EXERCISE DETAILS:
Write out each line from the data below that includes the word "vanishes".

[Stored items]
════════════════════

(* Let $r\ge2$, $m=2$, $a_{ij}\in\mathbb{C}$ ($i=1,2$, $1\le j\le r$), $f_i=\sum_{j=1}^r a_{ij}z_j$, and let $S_1$ be the family $(z_1^2,\dots,z_r^2,f_1^2,f_2^2)$. Then $S_1$ is linearly dependent if and only if at least one of the following holds: (a) there are two members of $S_1$ (with distinct indices) that are linearly dependent, i.e. one is a scalar multiple of the other; (b) there exist $1\le M\ne N\le r$ such that $a_{1i}=a_{2i}=0$ for all $i\notin\{M,N\}$, i.e. $f_1=a_{1M}z_M+a_{1N}z_N$ and $f_2=a_{2M}z_M+a_{2N}z_N$.
   Context: A family of polynomials is linearly independent over $\mathbb{C}$ if no nontrivial $\mathbb{C}$-linear combination of its members (counted with their indices) vanishes; otherwise it is linearly dependent. *)

theory Defs
  imports Complex_Main
begin

text \<open>Polynomials in the variables z_1,...,z_r over C are represented by their
polynomial functions (nat => complex) => complex; since C is infinite, a polynomial
vanishes iff its function vanishes, so linear (in)dependence is the same notion.\<close>

definition lin_dep_family :: "'i set \<Rightarrow> ('i \<Rightarrow> (nat \<Rightarrow> complex) \<Rightarrow> complex) \<Rightarrow> bool" where
  "lin_dep_family I P \<longleftrightarrow>
     (\<exists>c :: 'i \<Rightarrow> complex. (\<exists>k\<in>I. c k \<noteq> 0) \<and> (\<forall>z. (\<Sum>k\<in>I. c k * P k z) = 0))"

definition linform :: "nat \<Rightarrow> (nat \<Rightarrow> complex) \<Rightarrow> (nat \<Rightarrow> complex) \<Rightarrow> complex" where
  "linform r b z = (\<Sum>j=1..r. b j * z j)"

definition S1 :: "nat \<Rightarrow> (nat \<Rightarrow> nat \<Rightarrow> complex) \<Rightarrow> nat \<Rightarrow> (nat \<Rightarrow> complex) \<Rightarrow> complex" where
  "S1 r a k z = (if k \<le> r then (z k)^2
                 else if k = r + 1 then (linform r (a 1) z)^2
                 else (linform r (a 2) z)^2)"

end

theory Submission
  imports Defs
begin

text \<open>A vanishing combination \<Sum> c_k z_k^2 + d_1 f_1^2 + d_2 f_2^2 = 0 has (d_1, d_2) \<noteq> 0,
  and evaluating it at 0/1-vectors shows that d_1 f_1^2 + d_2 f_2^2 is diagonal:
  d_1 a_1i a_1j + d_2 a_2i a_2j = 0 for i \<noteq> j. If the coefficient vectors of f_1, f_2 are
  proportional, then f_1^2, f_2^2 are dependent. If one of d_1, d_2 vanishes, the other f_l has
  at most one nonzero coefficient, so f_l^2 is a multiple of some z_i^2. Otherwise a nonzero
  2 \<times> 2 minor at i, j forces both coefficient vectors to vanish outside {i, j}. Conversely,
  when f_1, f_2 involve only z_M and z_N, the four squares z_M^2, z_N^2, f_1^2, f_2^2 lie in the
  three-dimensional span of z_M^2, z_M z_N, z_N^2.\<close>

lemma lin_dep_family_mono:
  assumes "J \<subseteq> I" "finite I" "lin_dep_family J P"
  shows "lin_dep_family I P"
proof -
  from assms(3) obtain c where c: "\<exists>k\<in>J. c k \<noteq> 0" "\<forall>z. (\<Sum>k\<in>J. c k * P k z) = 0"
    unfolding lin_dep_family_def by blast
  define c' where "c' k = (if k \<in> J then c k else 0)" for k
  have "(\<Sum>k\<in>I. c' k * P k z) = (\<Sum>k\<in>J. c k * P k z)" for z
  proof -
    have "(\<Sum>k\<in>I. c' k * P k z) = (\<Sum>k\<in>J. c' k * P k z)"
      by (rule sum.mono_neutral_right) (use assms in \<open>auto simp: c'_def\<close>)
    also have "\<dots> = (\<Sum>k\<in>J. c k * P k z)" by (rule sum.cong) (auto simp: c'_def)
    finally show ?thesis .
  qed
  then show ?thesis unfolding lin_dep_family_def
    using c assms(1) by (intro exI[of _ c']) (auto simp: c'_def)
qed

lemma lin_dep_family_pairI:
  assumes "i \<noteq> j" "c \<noteq> 0 \<or> d \<noteq> 0" "\<And>z. c * P i z + d * P j z = 0"
  shows "lin_dep_family {i, j} P"
  unfolding lin_dep_family_def
  using assms by (intro exI[of _ "\<lambda>k. if k = i then c else d"]) auto

lemma lin_dep_family_pair_squares:
  assumes "i \<noteq> j" "\<And>z. P i z = (f z)^2" "\<And>z. P j z = (u * f z)^2"
  shows "lin_dep_family {i, j} P"
  by (rule lin_dep_family_pairI[of i j "u^2" "-1"]) (use assms in \<open>auto simp: power_mult_distrib\<close>)

lemma linform_supported:
  assumes "S \<subseteq> {1..r}" "\<forall>j\<in>{1..r} - S. b j = 0"
  shows "linform r b z = (\<Sum>j\<in>S. b j * z j)"
  unfolding linform_def using assms by (intro sum.mono_neutral_right) auto

lemma linform_of_bool:
  assumes "S \<subseteq> {1..r}"
  shows "linform r b (\<lambda>k. of_bool (k \<in> S)) = sum b S"
  unfolding linform_def using assms by (simp add: Int_absorb1)

lemma S1_square: "k \<in> {1..r} \<Longrightarrow> S1 r a k z = (z k)^2"
  by (simp add: S1_def)

lemma S1_linform: "l \<in> {1, 2} \<Longrightarrow> S1 r a (r + l) z = (linform r (a l) z)^2"
  by (auto simp: S1_def)

lemma sum_S1:
  "(\<Sum>k\<in>{1..r+2}. c k * S1 r a k z) =
     (\<Sum>k\<in>{1..r}. c k * (z k)^2) + c (r+1) * (linform r (a 1) z)^2 + c (r+2) * (linform r (a 2) z)^2"
proof -
  have "{1..r+2} = insert (r+2) (insert (r+1) {1..r})" by auto
  then have "(\<Sum>k\<in>{1..r+2}. c k * S1 r a k z) =
      c (r+2) * S1 r a (r+2) z + c (r+1) * S1 r a (r+1) z + (\<Sum>k\<in>{1..r}. c k * S1 r a k z)"
    by simp
  also have "(\<Sum>k\<in>{1..r}. c k * S1 r a k z) = (\<Sum>k\<in>{1..r}. c k * (z k)^2)"
    by (rule sum.cong) (auto simp: S1_square)
  finally show ?thesis by (simp add: S1_def)
qed

text \<open>At the 0/1-vector of S every z_k^2 equals z_k.\<close>
lemma quadratic_relation_at_of_bool:
  assumes rel: "\<And>z. (\<Sum>k\<in>{1..r}. c k * (z k)^2) + d1 * (linform r A z)^2 + d2 * (linform r B z)^2 = 0"
    and "S \<subseteq> {1..r}"
  shows "sum c S + d1 * (sum A S)^2 + d2 * (sum B S)^2 = 0"
proof -
  let ?z = "\<lambda>k. of_bool (k \<in> S) :: complex"
  have "(\<Sum>k\<in>{1..r}. c k * (?z k)^2) = (\<Sum>k\<in>{1..r}. c k * ?z k)"
    by (intro sum.cong) auto
  also have "\<dots> = sum c S"
    using assms(2) by (simp add: Int_absorb1)
  finally have "(\<Sum>k\<in>{1..r}. c k * (?z k)^2) = sum c S" .
  moreover have "linform r A ?z = sum A S" "linform r B ?z = sum B S"
    using linform_of_bool[OF assms(2)] by auto
  ultimately show ?thesis using rel[of ?z] by simp
qed

lemma quadratic_relation_cross_terms:
  assumes rel: "\<And>z. (\<Sum>k\<in>{1..r}. c k * (z k)^2) + d1 * (linform r A z)^2 + d2 * (linform r B z)^2 = 0"
    and ij: "i \<in> {1..r}" "j \<in> {1..r}" "i \<noteq> j"
  shows "d1 * A i * A j + d2 * B i * B j = 0"
proof -
  have diag: "c k + d1 * (A k)^2 + d2 * (B k)^2 = 0" if "k \<in> {1..r}" for k
    using quadratic_relation_at_of_bool[OF rel, of "{k}"] that by simp
  have "c i + c j + d1 * (A i + A j)^2 + d2 * (B i + B j)^2 = 0"
    using quadratic_relation_at_of_bool[OF rel, of "{i, j}"] ij by simp
  also have "c i + c j + d1 * (A i + A j)^2 + d2 * (B i + B j)^2 =
      (c i + d1 * (A i)^2 + d2 * (B i)^2) + (c j + d1 * (A j)^2 + d2 * (B j)^2)
      + 2 * (d1 * A i * A j + d2 * B i * B j)"
    by (simp add: algebra_simps power2_eq_square)
  finally have "2 * (d1 * A i * A j + d2 * B i * B j) = 0"
    by (simp only: diag ij add_0)
  then show ?thesis by (metis mult_eq_0_iff zero_neq_numeral)
qed

lemma single_support_if_products_vanish:
  fixes A :: "'a \<Rightarrow> 'b::semiring_no_zero_divisors"
  assumes "\<forall>i\<in>I. \<forall>j\<in>I. i \<noteq> j \<longrightarrow> A i * A j = 0" "I \<noteq> {}"
  shows "\<exists>i\<in>I. \<forall>j\<in>I - {i}. A j = 0"
proof (cases "\<exists>i\<in>I. A i \<noteq> 0")
  case True
  then obtain i where "i \<in> I" "A i \<noteq> 0" by blast
  with assms(1) show ?thesis by (intro bexI[of _ i]) auto
next
  case False
  with assms(2) show ?thesis by blast
qed

lemma proportional_if_minors_vanish:
  fixes A B :: "'a \<Rightarrow> 'b::field"
  assumes "\<forall>i\<in>I. \<forall>j\<in>I. A i * B j = A j * B i"
  shows "(\<forall>j\<in>I. A j = 0) \<or> (\<exists>u. \<forall>j\<in>I. B j = u * A j)"
proof (cases "\<exists>i\<in>I. A i \<noteq> 0")
  case True
  then obtain i where i: "i \<in> I" "A i \<noteq> 0" by blast
  have "B j = B i / A i * A j" if "j \<in> I" for j
    using assms i that by (simp add: field_simps)
  then show ?thesis by blast
qed auto

text \<open>For the nondegenerate form d1 x x' + d2 y y', the vector (A k, B k) is orthogonal to the
  two independent vectors (A i, B i) and (A j, B j), hence zero (Cramer's rule below).\<close>
lemma vanish_if_orthogonal_to_independent_pair:
  fixes A B :: "'a \<Rightarrow> 'b::idom"
  assumes orth: "\<forall>i\<in>I. \<forall>j\<in>I. i \<noteq> j \<longrightarrow> d1 * A i * A j + d2 * B i * B j = 0"
    and "d1 \<noteq> 0" "d2 \<noteq> 0" "i \<in> I" "j \<in> I" "A i * B j \<noteq> A j * B i" "k \<in> I - {i, j}"
  shows "A k = 0 \<and> B k = 0"
proof -
  have hi: "d1 * A k * A i + d2 * B k * B i = 0" and hj: "d1 * A k * A j + d2 * B k * B j = 0"
    using orth assms(4-7) by auto
  have "d1 * A k * (A i * B j - A j * B i) =
      B j * (d1 * A k * A i + d2 * B k * B i) - B i * (d1 * A k * A j + d2 * B k * B j)"
    by (simp add: algebra_simps)
  also have "\<dots> = 0" by (simp only: hi hj mult_zero_right diff_self)
  finally have "d1 * A k * (A i * B j - A j * B i) = 0" .
  then have "A k = 0" using assms(2,6) by simp
  have "d2 * B k * (A i * B j - A j * B i) =
      A i * (d1 * A k * A j + d2 * B k * B j) - A j * (d1 * A k * A i + d2 * B k * B i)"
    by (simp add: algebra_simps)
  also have "\<dots> = 0" by (simp only: hi hj mult_zero_right diff_self)
  finally have "d2 * B k * (A i * B j - A j * B i) = 0" .
  with \<open>A k = 0\<close> show ?thesis using assms(3,6) by simp
qed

════════════════════

TASK RESULT:
   Context: A family of polynomials is linearly independent over $\mathbb{C}$ if no nontrivial $\mathbb{C}$-linear combination of its members (counted with their indices) vanishes; otherwise it is linearly dependent. *)
vanishes iff its function vanishes, so linear (in)dependence is the same notion.\<close>
  proportional, then f_1^2, f_2^2 are dependent. If one of d_1, d_2 vanishes, the other f_l has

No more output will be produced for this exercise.